Content starts

lemma level_correct_Var:
  assumes "ctx_fams_correct Srt Ax Rl \<Gamma>" and wf: "wfS Srt Ax Rl \<Gamma>" and i: "i < length \<Gamma>"
  shows "level_correct Srt Ax Rl \<Gamma> (Var i) (liftn (Suc i) (\<Gamma> ! i))"
proof -
  obtain s where s: "is_sort s" "typS Srt Ax Rl (drop (Suc i) \<Gamma>) (\<Gamma> ! i) s"
    using wf_nth_typed[OF wf i] .
  have fam: "ctx_fams \<Gamma> ! i = typS Srt Ax Rl (drop (Suc i) \<Gamma>) (\<Gamma> ! i) KindS"
    using assms unfolding ctx_fams_correct_def by blast
  show ?thesis
  proof (cases "ctx_fams \<Gamma> ! i")
    case True
    with fam have "typS Srt Ax Rl \<Gamma> (liftn (Suc i) (\<Gamma> ! i)) KindS"
      using weakening_nth[OF wf i, of KindS] by simp
    with True show ?thesis
      using i by (simp add: level_correct_def)
  next
    case False
    with fam s have "typS Srt Ax Rl (drop (Suc i) \<Gamma>) (\<Gamma> ! i) TypeS"
      unfolding is_sort_def by auto
    then have "typS Srt Ax Rl \<Gamma> (liftn (Suc i) (\<Gamma> ! i)) (liftn (Suc i) TypeS)"
      by (rule weakening_nth[OF wf i])
    with False show ?thesis
      using i by (simp add: level_correct_def)
  qed
qed

lemma level_correct_Prod:
  assumes "level_correct Srt Ax Rl (A # \<Gamma>) B s" and "is_sort s" and "wfS Srt Ax Rl \<Gamma>"
  shows "level_correct Srt Ax Rl \<Gamma> (Prod A B) s"
  using level_correct_sort[OF assms(1,2)] assms(3) by (auto simp: level_correct_def)

lemma level_correct_Lam:
  assumes M: "level_correct Srt Ax Rl (A # \<Gamma>) M B" and P: "typS Srt Ax Rl \<Gamma> (Prod A B) s"
  shows "level_correct Srt Ax Rl \<Gamma> (Lam A M) (Prod A B)"
proof -
  obtain s' where A: "typS Srt Ax Rl \<Gamma> A TypeS"
    using typ_ProdE[OF P] by blast
  have "B \<noteq> KindS"
    using typ_ProdE[OF P] KindS_untyped by blast
  with M A show ?thesis
    by (auto simp: level_correct_def intro: wf_ctx_has_type.t_prod)
qed

lemma level_correct_App:
  assumes M: "level_correct Srt Ax Rl \<Gamma> M (Prod A B)" and N: "typS Srt Ax Rl \<Gamma> N A"
  shows "level_correct Srt Ax Rl \<Gamma> (App M N) (subst B 0 N)"
proof -
  have B_sort: "typS Srt Ax Rl (A # \<Gamma>) B s" if P: "typS Srt Ax Rl \<Gamma> (Prod A B) s" "is_sort s" for s
  proof -
    obtain s' where "typS Srt Ax Rl (A # \<Gamma>) B s'" "is_sort s'" "convS Ax Rl s' s"
      using typ_ProdE[OF P(1)] by blast
    then show ?thesis
      using conv_sorts_eq P(2) by blast
  qed
  show ?thesis
    using M substitution_0[OF B_sort N] by (auto simp: level_correct_def)
qed

lemma level_correct_conv:
  assumes ps: "pts_spec Srt Ax Rl" and M: "level_correct Srt Ax Rl \<Gamma> M A"
    and B: "typS Srt Ax Rl \<Gamma> B s" "is_sort s" and conv: "convS Ax Rl A B"
  shows "level_correct Srt Ax Rl \<Gamma> M B"
proof -
  have "A \<noteq> KindS"
  proof
    assume "A = KindS"
    then have "redsS Ax Rl B KindS"
      using conv_atom_reds[OF conv] by blast
    then show False
      using subject_reduction_reds[OF ps _ B(1)] KindS_untyped by blast
  qed
  moreover have "s = KindS" if "typS Srt Ax Rl \<Gamma> A KindS"
    using not_conv_type_kind[OF ps _ that] conv B unfolding is_sort_def by (metis conv_betaR_sym)
  moreover have "s = TypeS" if "typS Srt Ax Rl \<Gamma> A TypeS"
    using not_conv_type_kind[OF ps that] conv B unfolding is_sort_def by metis
  ultimately show ?thesis
    using M B unfolding level_correct_def by auto
qed

theorem level_correctness:
  assumes ps: "pts_spec Srt Ax Rl"
  shows "typS Srt Ax Rl \<Gamma> M C \<Longrightarrow> ctx_fams_correct Srt Ax Rl \<Gamma> \<and> level_correct Srt Ax Rl \<Gamma> M C"
proof (induct rule: wf_ctx_has_type.inducts(2)[where ?P1.0="ctx_fams_correct Srt Ax Rl"])
  case wf_nil
  then show ?case by (simp add: ctx_fams_correct_def)
next
  case (wf_cons \<Gamma> A s)
  then show ?case by (blast intro: ctx_fams_correct_Cons)
next
  case (t_ax \<Gamma>)
  then show ?case by (simp add: level_correct_def)
next
  case (t_var \<Gamma> i)
  then show ?case by (blast intro: level_correct_Var)
next
  case (t_cst \<Gamma> c A)
  then show ?case
    using sig_decl_typed[OF ps t_cst(1,3)] by (auto simp: level_correct_def)
next
  case (t_prod \<Gamma> A B s)
  then show ?case by (blast intro: level_correct_Prod typ_wf)
next
  case (t_lam \<Gamma> A B s M)
  then show ?case by (blast intro: level_correct_Lam)
next
  case (t_app \<Gamma> M A B N)
  then show ?case by (blast intro: level_correct_App)
next
  case (t_conv \<Gamma> M A B s)
  then show ?case by (blast intro: level_correct_conv[OF ps])
qed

Content ends

• _EXERCISE_
Output the listing verbatim through the "obtain s where" line.

• _ANSWER TO THE PROBLEM_
lemma level_correct_Var:
  assumes "ctx_fams_correct Srt Ax Rl \<Gamma>" and wf: "wfS Srt Ax Rl \<Gamma>" and i: "i < length \<Gamma>"
  shows "level_correct Srt Ax Rl \<Gamma> (Var i) (liftn (Suc i) (\<Gamma> ! i))"
proof -
  obtain s where s: "is_sort s" "typS Srt Ax Rl (drop (Suc i) \<Gamma>) (\<Gamma> ! i) s"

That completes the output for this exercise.